As a proof of concept though, I don’t mind it. I mostly still want to find a way to simplify images prior to prediction to improve the eventual speed and accuracy, and/or to leave some breadcrumbs for others to improve upon.

3 Likes

Cool…
Of course I will send you the script in a private message, but the thing is that on this script I once again changed the math of writing (increased the angles - it’s Falafel’s fault with his video) + began to pay more attention to the anatomy of a woman (location of the vagina / rectum + oral cavity) Write to what videos you have access to, well, or I still have all the projects - I can give you at once flat converted videos 1024x1024 and multi-axis scripts to them.

The “conqueror” one? Irrc I limited the sway range during that video… The SR6 can sway a bit wider but it will be a little shaky.

1 Like

This one.
I thought these were the maximum angles…

Sorry I might have confused things, I’m not sure which script is referred to to send.

I alluded to it in a previous post, but I’ve put a previous model and code up, with the code at herpaderpapotato/silver-lamp: ml to assist funscript creation (github.com). I’m not really trying to drive traffic to it though so I’ve been avoiding posting the url. It uses weights I put on huggingface herpaderpapotato (herpader papotato) (huggingface.co) which was trained on datasets composed by me.

I’ll put the necessary code up I used to do all the above as well after I’ve had a chance to tidy it up. Whether the weights are shared will be up to flowerstrample because if it would be based on their intellectual property.
I’ve only trained spectacularly bad models though, so it’s not that I’m expecting it to come close to human funscripts. Sharing model weights would really just be to evidence that I’m not making all this up :slight_smile:

1 Like

I kept the training running with a sequence from third scene added to the dataset and it got way worse at predictions. I eventually took a look at the sequence and realized it was a much different and subtle style of cowgirl, it’s like a forward thrusting with no obvious vertical movement.
I’m going to limit this to just obvious vertical cowgirl movement for now, so I took it out of the dataset and continued training.

It kind of got better eventually, but I figured I wanted to fix the smaller middle layers and so started a fresh model from scratch.

The fresh model could predict the same sequence shown previously after about 3 hours of training, but then I realized I still had some middle layers thinner than the final layer, so I started again with another fresh model.

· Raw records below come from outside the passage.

definition continuous_markov_kernel_of :: "(real \<Rightarrow> real \<Rightarrow> real) \<Rightarrow> (real \<Rightarrow> real measure) \<Rightarrow> bool" where
  "continuous_markov_kernel_of A K \<longleftrightarrow> markov_kernel_of A K \<and>
     continuous_on ({0..1} \<times> {0..1}) (\<lambda>(x, y). measure (K x) {0..y})"

definition bern :: "nat \<Rightarrow> nat \<Rightarrow> real \<Rightarrow> real" where
  "bern N k u = (if k \<le> N then real (N choose k) * u ^ k * (1 - u) ^ (N - k) else 0)"

text \<open>The Markov kernel version K_{B_N(A)}(x,[0,y]) of the Bernstein approximation.\<close>
definition bernstein_kernel :: "nat \<Rightarrow> (real \<Rightarrow> real \<Rightarrow> real) \<Rightarrow> real \<Rightarrow> real \<Rightarrow> real" where
  "bernstein_kernel N A x y =
     real N * (\<Sum>i=1..N. \<Sum>j=1..N. A (real i / real N) (real j / real N) *
        (bern (N - 1) (i - 1) x - bern (N - 1) i x) * bern N j y)"

end

theory Submission
  imports Defs
begin

(* Write F(x, y) = K_A(x, [0, y]); disintegration gives A(x, y) = integral of F(t, y) over
   t in [0, x]. Summation by parts in x turns K_{B_N(A)}(x, [0, y]) into an average, with respect
   to the product Bernstein weights p_{N-1,i}(x) p_{N,j}(y), of the difference quotients
   N (A((i+1)/N, j/N) - A(i/N, j/N)), i.e. of the means of F(., j/N) over [i/N, (i+1)/N], a cell
   containing the node i/(N-1). As in Bernstein's proof of the Weierstrass theorem, uniform
   continuity and boundedness of F on the square give |F p - F q| <= e + C |p - q|^2, and the
   variance x(1-x)/n of the Bernstein weights (n = N - 1 or N) turns the quadratic term into
   O(C/N), uniformly in (x, y). *)

lemma bern_eq_Bernstein: "k \<le> N \<Longrightarrow> bern N k u = Bernstein N k u"
  by (simp add: bern_def Bernstein_def)
lemma lattice_lap_component:
  "lattice_lap Delta n1 n2 F x $ a = neg_lap Delta n1 n2 (\<lambda>y. F y $ a) x"
proof -
  obtain i j where x: "x = (i, j)" by fastforce
  show ?thesis
    unfolding x lattice_lap_def torus_shifts_def neg_lap_def
    by (simp add: torus_succ_def torus_pred_def scaleR_complex divide_inverse)
qed

lemma sum_inner_diff_shift_nonneg:
  fixes F :: "'a \<Rightarrow> 'b::real_inner"
  assumes "bij_betw s S S"
  shows "0 \<le> (\<Sum>x\<in>S. inner (F x) (F x - F (s x)))"
proof -
  have "(\<Sum>x\<in>S. inner (F x) (F (s x))) \<le> (\<Sum>x\<in>S. ((norm (F x))\<^sup>2 + (norm (F (s x)))\<^sup>2) / 2)"
  proof (rule sum_mono)
    fix x
    have "inner (F x) (F (s x)) \<le> norm (F x) * norm (F (s x))"
      by (rule norm_cauchy_schwarz)
    also have "\<dots> \<le> ((norm (F x))\<^sup>2 + (norm (F (s x)))\<^sup>2) / 2"
      using sum_squares_bound[of "norm (F x)" "norm (F (s x))"] by simp
    finally show "inner (F x) (F (s x)) \<le> ((norm (F x))\<^sup>2 + (norm (F (s x)))\<^sup>2) / 2" .
  qed
  also have "\<dots> = (\<Sum>x\<in>S. (norm (F x))\<^sup>2)"
    using sum.reindex_bij_betw[OF assms, of "\<lambda>y. (norm (F y))\<^sup>2"]
    by (simp add: sum.distrib flip: sum_divide_distrib)
  finally show ?thesis
    by (simp add: inner_diff_right sum_subtractf power2_norm_eq_inner)
qed
(* Let $G$ be a connected finite simple graph with at least one edge such that $\chi(G) = \Delta(G)$ and ${\rm vs}_{\chi}(G) = 1$. Then there exists a vertex $v \in V(G)$ with $d_G(v) = \Delta(G)$ and $\chi(G - v) = \Delta(G) - 1$.
   Context: $\chi(G)$ is the chromatic number, $\Delta(G)$ the maximum degree, and $d_G(v)$ the degree of $v$ in $G$. The chromatic vertex stability number ${\rm vs}_{\chi}(G)$ is the minimum number of vertices of $G$ whose deletion results in a graph $H$ with $\chi(H) = \chi(G)-1$. *)

theory Defs
  imports Main
begin

definition simple_graph :: "'a set \<Rightarrow> 'a set set \<Rightarrow> bool" where
  "simple_graph V E \<longleftrightarrow> finite V \<and> (\<forall>e\<in>E. e \<subseteq> V \<and> card e = 2)"

definition degree :: "'a set \<Rightarrow> 'a set set \<Rightarrow> 'a \<Rightarrow> nat" where
  "degree V E v = card {u \<in> V. {u, v} \<in> E}"

definition max_degree :: "'a set \<Rightarrow> 'a set set \<Rightarrow> nat" where
  "max_degree V E = Max (degree V E ` V)"

definition connected_graph :: "'a set \<Rightarrow> 'a set set \<Rightarrow> bool" where
  "connected_graph V E \<longleftrightarrow> V \<noteq> {} \<and>
     (\<forall>u\<in>V. \<forall>v\<in>V. (\<lambda>x y. {x, y} \<in> E)\<^sup>*\<^sup>* u v)"

definition proper_colouring :: "'a set \<Rightarrow> 'a set set \<Rightarrow> nat \<Rightarrow> ('a \<Rightarrow> nat) \<Rightarrow> bool" where
  "proper_colouring V E k f \<longleftrightarrow> f ` V \<subseteq> {..<k} \<and>
     (\<forall>u\<in>V. \<forall>v\<in>V. {u, v} \<in> E \<longrightarrow> f u \<noteq> f v)"

definition chromatic_number :: "'a set \<Rightarrow> 'a set set \<Rightarrow> nat" where
  "chromatic_number V E = (LEAST k. \<exists>f. proper_colouring V E k f)"

definition del_edges :: "'a set set \<Rightarrow> 'a set \<Rightarrow> 'a set set" where
  "del_edges E S = {e \<in> E. e \<inter> S = {}}"

definition chromatic_vertex_stability :: "'a set \<Rightarrow> 'a set set \<Rightarrow> nat" where
  "chromatic_vertex_stability V E =
     (LEAST n. \<exists>S \<subseteq> V. card S = n \<and>
        chromatic_number (V - S) (del_edges E S) = chromatic_number V E - 1)"

end

theory Submission
  imports Defs
begin

text \<open>Call a vertex critical if deleting it lowers the chromatic number. Let \<open>k = \<chi>(G)\<close>.
  If \<open>w\<close> is critical and \<open>d(w) < k\<close>, every \<open>(k-1)\<close>-colouring of \<open>G - w\<close> uses all
  \<open>k - 1\<close> colours on the neighbourhood of \<open>w\<close> (otherwise it would extend to \<open>G\<close>), hence is
  injective there; recolouring \<open>w\<close> with the colour of a neighbour \<open>u\<close> then colours \<open>G - u\<close>,
  so \<open>u\<close> is critical as well. Since \<open>vs\<^sub>\<chi>(G) = 1\<close> provides a critical vertex, if all
  critical vertices had degree \<open>< k = \<Delta>(G)\<close>, criticality would spread along edges to a vertex
  of maximum degree, a contradiction.\<close>

definition neighbours :: "'a set \<Rightarrow> 'a set set \<Rightarrow> 'a \<Rightarrow> 'a set" where
  "neighbours V E v = {u \<in> V. {u, v} \<in> E}"

definition critical_vertex :: "'a set \<Rightarrow> 'a set set \<Rightarrow> 'a \<Rightarrow> bool" where
  "critical_vertex V E w \<longleftrightarrow> w \<in> V \<and>
     chromatic_number (V - {w}) (del_edges E {w}) = chromatic_number V E - 1"

lemma degree_eq_card_neighbours: "degree V E v = card (neighbours V E v)"
  by (simp add: degree_def neighbours_def)

lemma degree_le_max_degree:
  assumes "finite V" "v \<in> V"
  shows "degree V E v \<le> max_degree V E"
  using assms by (simp add: max_degree_def)

lemma max_degree_attained:
  assumes "finite V" "V \<noteq> {}"
  obtains v where "v \<in> V" "degree V E v = max_degree V E"
  using Max_in[of "degree V E ` V"] assms unfolding max_degree_def by fastforce

lemma simple_graph_no_loop: "simple_graph V E \<Longrightarrow> {x} \<notin> E"
  unfolding simple_graph_def by fastforce

lemma simple_graph_edge_in_vertices: "simple_graph V E \<Longrightarrow> {u, v} \<in> E \<Longrightarrow> v \<in> V"
  unfolding simple_graph_def by blast

lemma simple_graph_del_edges: "simple_graph V E \<Longrightarrow> simple_graph (V - S) (del_edges E S)"
  unfolding simple_graph_def del_edges_def by blast

lemma neighbours_del_edges:
  assumes "w \<noteq> u"
  shows "neighbours (V - {u}) (del_edges E {u}) w = neighbours V E w - {u}"
  using assms by (auto simp: neighbours_def del_edges_def)

lemma proper_colouring_mono:
  assumes "proper_colouring V E k f" "V' \<subseteq> V" "E' \<subseteq> E"
  shows "proper_colouring V' E' k f"
  using assms unfolding proper_colouring_def by blast

lemma chromatic_number_le: "proper_colouring V E k f \<Longrightarrow> chromatic_number V E \<le> k"
  unfolding chromatic_number_def by (blast intro: Least_le)

lemma proper_colouring_card:
  assumes "simple_graph V E"
  shows "\<exists>f. proper_colouring V E (card V) f"
proof -
  obtain f where f: "bij_betw f V {..<card V}"
    using ex_bij_betw_finite_nat[of V] assms
    by (auto simp: simple_graph_def atLeast0LessThan)
  have "proper_colouring V E (card V) f"
    unfolding proper_colouring_def
  proof (intro conjI ballI impI)
    show "f ` V \<subseteq> {..<card V}" using f by (simp add: bij_betw_def)
  next
    fix u v assume "u \<in> V" "v \<in> V" "{u, v} \<in> E"
    moreover from \<open>{u, v} \<in> E\<close> have "u \<noteq> v"
      using simple_graph_no_loop[OF assms] by auto
    ultimately show "f u \<noteq> f v"
      using f by (auto simp: bij_betw_def dest: inj_onD)
  qed
  then show ?thesis by blast
qed

lemma chromatic_colouring_exists:
  assumes "simple_graph V E"
  shows "\<exists>f. proper_colouring V E (chromatic_number V E) f"
  unfolding chromatic_number_def
  using proper_colouring_card[OF assms] by (rule LeastI_ex[OF exI])

lemma proper_colouring_extend_independent:
  assumes "proper_colouring (V - S) (del_edges E S) k f"
    and "\<forall>u\<in>S. \<forall>v\<in>S. {u, v} \<notin> E"
  shows "proper_colouring V E (Suc k) (\<lambda>x. if x \<in> S then k else f x)"
  using assms unfolding proper_colouring_def del_edges_def
  by (auto simp: less_Suc_eq)

lemma chromatic_number_le_Suc_delete_independent:
  assumes "simple_graph V E" "\<forall>u\<in>S. \<forall>v\<in>S. {u, v} \<notin> E"
  shows "chromatic_number V E \<le> Suc (chromatic_number (V - S) (del_edges E S))"
proof -
  obtain f where "proper_colouring (V - S) (del_edges E S)
      (chromatic_number (V - S) (del_edges E S)) f"
    using chromatic_colouring_exists[OF simple_graph_del_edges[OF assms(1)]] ..
  then show ?thesis
    using proper_colouring_extend_independent[OF _ assms(2)] chromatic_number_le by blast
qed

lemma chromatic_number_delete_colour_class:
  assumes "simple_graph V E"
  shows "\<exists>S\<subseteq>V. chromatic_number (V - S) (del_edges E S) = chromatic_number V E - 1"
proof -
  let ?k = "chromatic_number V E"
  obtain f where f: "proper_colouring V E ?k f"
    using chromatic_colouring_exists[OF assms] ..
  define S where "S = {x \<in> V. f x = ?k - 1}"
  have "proper_colouring (V - S) (del_edges E S) (?k - 1) f"
    using f unfolding proper_colouring_def S_def del_edges_def by fastforce
  then have "chromatic_number (V - S) (del_edges E S) \<le> ?k - 1"
    by (rule chromatic_number_le)
  moreover have "\<forall>u\<in>S. \<forall>v\<in>S. {u, v} \<notin> E"
  proof (intro ballI)
    fix u v assume "u \<in> S" "v \<in> S"
    then have "u \<in> V" "v \<in> V" "f u = f v" by (auto simp: S_def)
    then show "{u, v} \<notin> E" using f by (auto simp: proper_colouring_def)
  qed
  then have "?k \<le> Suc (chromatic_number (V - S) (del_edges E S))"
    by (rule chromatic_number_le_Suc_delete_independent[OF assms])
  moreover have "S \<subseteq> V" by (auto simp: S_def)
  ultimately show ?thesis by (intro exI[of _ S]) simp
qed

lemma chromatic_vertex_stability_witness:
  assumes "simple_graph V E"
  shows "\<exists>S\<subseteq>V. card S = chromatic_vertex_stability V E \<and>
           chromatic_number (V - S) (del_edges E S) = chromatic_number V E - 1"
proof -
  \<comment> \<open>The \<open>LEAST\<close> is attained because deleting a colour class always lowers \<open>\<chi>\<close> by one.\<close>
  have "\<exists>n. \<exists>S\<subseteq>V. card S = n \<and>
          chromatic_number (V - S) (del_edges E S) = chromatic_number V E - 1"
    using chromatic_number_delete_colour_class[OF assms] by blast
  then show ?thesis
    unfolding chromatic_vertex_stability_def by (rule LeastI_ex)
qed

lemma critical_vertex_iff_colourable:
  assumes "simple_graph V E"
  shows "critical_vertex V E w \<longleftrightarrow> w \<in> V \<and>
           (\<exists>f. proper_colouring (V - {w}) (del_edges E {w}) (chromatic_number V E - 1) f)"
proof -
  let ?k = "chromatic_number V E" and ?k' = "chromatic_number (V - {w}) (del_edges E {w})"
  have "?k \<le> Suc ?k'"
    using chromatic_number_le_Suc_delete_independent[OF assms] simple_graph_no_loop[OF assms]
    by simp
  moreover obtain g where "proper_colouring (V - {w}) (del_edges E {w}) ?k' g"
    using chromatic_colouring_exists[OF simple_graph_del_edges[OF assms]] ..
  ultimately show ?thesis
    unfolding critical_vertex_def using chromatic_number_le by fastforce
qed

lemma proper_colouring_extend_vertex:
  assumes "simple_graph V E" and "proper_colouring (V - {w}) (del_edges E {w}) k f"
    and "c < k" and "c \<notin> f ` neighbours V E w"
  shows "proper_colouring V E k (f(w := c))"
  unfolding proper_colouring_def
proof (intro conjI ballI impI)
  show "(f(w := c)) ` V \<subseteq> {..<k}"
    using assms(2,3) unfolding proper_colouring_def by auto
next
  fix x y assume xy: "x \<in> V" "y \<in> V" "{x, y} \<in> E"
  then have "x \<noteq> y" using simple_graph_no_loop[OF assms(1)] by auto
  consider "x = w" | "y = w" | "x \<noteq> w" "y \<noteq> w" by blast
  then show "(f(w := c)) x \<noteq> (f(w := c)) y"
  proof cases
    case 1
    then have "y \<in> neighbours V E w" using xy by (auto simp: neighbours_def insert_commute)
    then show ?thesis using 1 \<open>x \<noteq> y\<close> assms(4) by auto
  next
    case 2
    then have "x \<in> neighbours V E w" using xy by (auto simp: neighbours_def)
    then show ?thesis using 2 \<open>x \<noteq> y\<close> assms(4) by auto
  next
    case 3
    then have "{x, y} \<in> del_edges E {w}" using xy by (auto simp: del_edges_def)
    then show ?thesis using 3 xy assms(2) by (auto simp: proper_colouring_def)
  qed
qed

lemma colouring_of_vertex_deletion_covers_neighbours:
  assumes "simple_graph V E"
    and "proper_colouring (V - {w}) (del_edges E {w}) (chromatic_number V E - 1) f"
  shows "{..<chromatic_number V E - 1} \<subseteq> f ` neighbours V E w"
proof
  fix c assume c: "c \<in> {..<chromatic_number V E - 1}"
  show "c \<in> f ` neighbours V E w"
  proof (rule ccontr)
    assume "c \<notin> f ` neighbours V E w"
    with c have "proper_colouring V E (chromatic_number V E - 1) (f(w := c))"
      by (intro proper_colouring_extend_vertex[OF assms]) auto
    then have "chromatic_number V E \<le> chromatic_number V E - 1"
      by (rule chromatic_number_le)
    with c show False by simp
  qed
qed

lemma critical_vertex_neighbour:
  assumes G: "simple_graph V E"
    and w: "critical_vertex V E w" "degree V E w < chromatic_number V E"
    and u: "u \<in> neighbours V E w"
  shows "critical_vertex V E u"
proof -
  let ?k = "chromatic_number V E" and ?N = "neighbours V E w"
  obtain f where f: "proper_colouring (V - {w}) (del_edges E {w}) (?k - 1) f"
    using w(1) critical_vertex_iff_colourable[OF G] by blast
  have finN: "finite ?N" using G by (simp add: simple_graph_def neighbours_def)
  have "card ?N \<le> ?k - 1" using w(2) by (simp add: degree_eq_card_neighbours)
  also have "\<dots> = card {..<?k - 1}" by simp
  also have "\<dots> \<le> card (f ` ?N)"
    by (rule card_mono[OF finite_imageI[OF finN]
          colouring_of_vertex_deletion_covers_neighbours[OF G f]])
  finally have "inj_on f ?N"
    using card_image_le[OF finN] eq_card_imp_inj_on[OF finN] le_antisym by blast
  moreover have "w \<noteq> u" "u \<in> V"
    using u simple_graph_no_loop[OF G] by (auto simp: neighbours_def)
  ultimately have fresh: "f u \<notin> f ` neighbours (V - {u}) (del_edges E {u}) w"
    using u by (auto simp: neighbours_del_edges inj_on_def)
  have "f u < ?k - 1"
    using f \<open>w \<noteq> u\<close> \<open>u \<in> V\<close> by (auto simp: proper_colouring_def)
  moreover have "proper_colouring ((V - {u}) - {w}) (del_edges (del_edges E {u}) {w}) (?k - 1) f"
    using f by (rule proper_colouring_mono) (auto simp: del_edges_def)
  ultimately have "proper_colouring (V - {u}) (del_edges E {u}) (?k - 1) (f(w := f u))"
    using proper_colouring_extend_vertex[OF simple_graph_del_edges[OF G]] fresh by blast
  then show ?thesis
    using \<open>u \<in> V\<close> critical_vertex_iff_colourable[OF G] by blast
qed

lemma critical_vertex_connected:
  assumes G: "simple_graph V E" "connected_graph V E"
    and v: "critical_vertex V E v"
    and low_degree: "\<And>w. critical_vertex V E w \<Longrightarrow> degree V E w < chromatic_number V E"
    and "u \<in> V"
  shows "critical_vertex V E u"
proof -
  have "(\<lambda>x y. {x, y} \<in> E)\<^sup>*\<^sup>* v u"
    using G(2) v \<open>u \<in> V\<close> by (auto simp: connected_graph_def critical_vertex_def)
  then show ?thesis
  proof (induction rule: rtranclp_induct)
    case base
    show ?case by (rule v)
  next
    case (step y z)
    then have "z \<in> neighbours V E y"
      using simple_graph_edge_in_vertices[OF G(1)] by (auto simp: neighbours_def insert_commute)
    then show ?case
      using critical_vertex_neighbour[OF G(1) step.IH low_degree[OF step.IH]] by blast
  qed
qed

theorem lemma3:
  fixes V :: "'a set" and E :: "'a set set"
  assumes "simple_graph V E"
    and "connected_graph V E"
    and "E \<noteq> {}"
    and "chromatic_number V E = max_degree V E"
    and "chromatic_vertex_stability V E = 1"
  shows "\<exists>v\<in>V. degree V E v = max_degree V E \<and>
           chromatic_number (V - {v}) (del_edges E {v}) = max_degree V E - 1"
proof -
  have finV: "finite V" and "V \<noteq> {}"
    using assms(1,2) by (auto simp: simple_graph_def connected_graph_def)
  obtain S where S: "S \<subseteq> V" "card S = 1"
    "chromatic_number (V - S) (del_edges E S) = chromatic_number V E - 1"
    using chromatic_vertex_stability_witness[OF assms(1)] assms(5) by auto
  then obtain v where "S = {v}" using card_1_singletonE by blast
  with S have v: "critical_vertex V E v" by (simp add: critical_vertex_def)
  obtain m where "m \<in> V" "degree V E m = max_degree V E"
    using max_degree_attained[OF finV \<open>V \<noteq> {}\<close>] .
  then obtain w where w: "critical_vertex V E w" "\<not> degree V E w < max_degree V E"
    using critical_vertex_connected[OF assms(1,2) v] assms(4) by force
  then have "w \<in> V" "chromatic_number (V - {w}) (del_edges E {w}) = max_degree V E - 1"
    using assms(4) by (simp_all add: critical_vertex_def)
  moreover have "degree V E w = max_degree V E"
    using w(2) degree_le_max_degree[OF finV \<open>w \<in> V\<close>, of E] by simp
  ultimately show ?thesis by blast
qed

end
definition Rn4 :: "('w set \<Rightarrow> 'w \<Rightarrow> 'w \<Rightarrow> bool) \<Rightarrow> 'w set \<times> 'w set \<Rightarrow> 'w \<Rightarrow> 'w \<Rightarrow> bool" where
  "Rn4 R XY w v \<longleftrightarrow> (\<exists>u. R (fst XY) w u \<and> R (snd XY) u v)"

end

theory Submission
  imports Defs
begin

text \<open>The relation of \<open>\<M>\<^sup>n\<^sup>4\<close> indexed by \<open>(X, Y)\<close> is the composite \<open>R\<^sub>X ;; R\<^sub>Y\<close>.
  Both frame conditions are stable under composition of relations, so \<open>\<M>\<^sup>n\<^sup>4\<close> is a
  Nelsonian model. For the truth lemma, induct on \<open>\<phi>\<close> proving the claim for verification and
  falsification simultaneously (\<open>E\<^sup>\<plusminus>(\<sim>\<phi>)\<close> is the falsification clause). The falsification
  of a conditional is an existential over a two-step path, which is literally the nested
  \<open>\<Diamond>\<rightarrow>\<close>. For the verification, the nested \<open>\<box>\<rightarrow>\<close> additionally allows a \<open>\<le>\<close>-step between
  the two \<open>R\<close>-steps; condition (c2) for the first step pushes it to the front, where it is
  absorbed by the leading \<open>\<le>\<close>-step of the conditional.\<close>

definition forth_cond :: "('w \<Rightarrow> 'w \<Rightarrow> bool) \<Rightarrow> ('w \<Rightarrow> 'w \<Rightarrow> bool) \<Rightarrow> bool" where
  "forth_cond le S \<longleftrightarrow> (\<forall>w w' v. le w w' \<longrightarrow> S w v \<longrightarrow> (\<exists>v'. le v v' \<and> S w' v'))"

definition back_cond :: "('w \<Rightarrow> 'w \<Rightarrow> bool) \<Rightarrow> ('w \<Rightarrow> 'w \<Rightarrow> bool) \<Rightarrow> bool" where
  "back_cond le S \<longleftrightarrow> (\<forall>w v v'. S w v \<longrightarrow> le v v' \<longrightarrow> (\<exists>w'. le w w' \<and> S w' v'))"

lemma forth_relcompp:
  assumes "forth_cond le S" and "forth_cond le T"
  shows "forth_cond le (S OO T)"
  unfolding forth_cond_def
proof (intro allI impI)
  fix w w' v
  assume "le w w'" and "(S OO T) w v"
  then obtain u where u: "S w u" "T u v" by blast
  obtain u' where u': "le u u'" "S w' u'" using assms(1) \<open>le w w'\<close> u(1) unfolding forth_cond_def by blast
  obtain v' where "le v v'" "T u' v'" using assms(2) u'(1) u(2) unfolding forth_cond_def by blast
  with u'(2) show "\<exists>v'. le v v' \<and> (S OO T) w' v'" by blast
qed

lemma back_relcompp:
  assumes "back_cond le S" and "back_cond le T"
  shows "back_cond le (S OO T)"
  unfolding back_cond_def
proof (intro allI impI)
  fix w v v'
  assume "(S OO T) w v" and "le v v'"
  then obtain u where u: "S w u" "T u v" by blast
  obtain u' where u': "le u u'" "T u' v'" using assms(2) u(2) \<open>le v v'\<close> unfolding back_cond_def by blast
  obtain w' where "le w w'" "S w' u'" using assms(1) u(1) u'(1) unfolding back_cond_def by blast
  with u'(2) show "\<exists>w'. le w w' \<and> (S OO T) w' v'" by blast
qed

lemma preorder_on_in_carrier: "preorder_on W le \<Longrightarrow> le w v \<Longrightarrow> v \<in> W"
  unfolding preorder_on_def by blast

lemma preorder_on_refl: "preorder_on W le \<Longrightarrow> w \<in> W \<Longrightarrow> le w w"
  unfolding preorder_on_def by blast

lemma preorder_on_trans: "preorder_on W le \<Longrightarrow> le u v \<Longrightarrow> le v w \<Longrightarrow> le u w"
  unfolding preorder_on_def by blast

lemma box_relcompp_iff_nested_box:
  assumes "preorder_on W le" and "back_cond le S" and "\<And>v m. S v m \<Longrightarrow> m \<in> W"
  shows "(\<forall>v u. le w v \<longrightarrow> (S OO T) v u \<longrightarrow> P u) \<longleftrightarrow>
         (\<forall>v m. le w v \<longrightarrow> S v m \<longrightarrow> (\<forall>m' u. le m m' \<longrightarrow> T m' u \<longrightarrow> P u))"
proof
  assume comp: "\<forall>v u. le w v \<longrightarrow> (S OO T) v u \<longrightarrow> P u"
  show "\<forall>v m. le w v \<longrightarrow> S v m \<longrightarrow> (\<forall>m' u. le m m' \<longrightarrow> T m' u \<longrightarrow> P u)"
  proof (intro allI impI)
    fix v m m' u
    assume "le w v" "S v m" "le m m'" "T m' u"
    obtain v' where "le v v'" "S v' m'"
      using assms(2) \<open>S v m\<close> \<open>le m m'\<close> unfolding back_cond_def by blast
    moreover have "le w v'" using assms(1) \<open>le w v\<close> \<open>le v v'\<close> by (rule preorder_on_trans)
    ultimately show "P u" using comp \<open>T m' u\<close> by blast
  qed
next
  assume "\<forall>v m. le w v \<longrightarrow> S v m \<longrightarrow> (\<forall>m' u. le m m' \<longrightarrow> T m' u \<longrightarrow> P u)"
  then show "\<forall>v u. le w v \<longrightarrow> (S OO T) v u \<longrightarrow> P u"
    using preorder_on_refl[OF assms(1) assms(3)] by blast
qed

I shifted the code to a fresh repo and dumped it in herpaderpapotato/glowing-octo-giggle (github.com). The image of the plot shown is for the most recent training. There’s virtually no polish on any of it, but ¯\_(ツ)_/¯

1 Like

I’m still questing for a better feature extractor and model architecture and I ended up dropping the LSTM from the model and trying DepthwiseConv2d layers.

e.g. I predict against 60 frames and use efficientnet to extract the features, so each sequence is an array of (60, 12, 12, 1280).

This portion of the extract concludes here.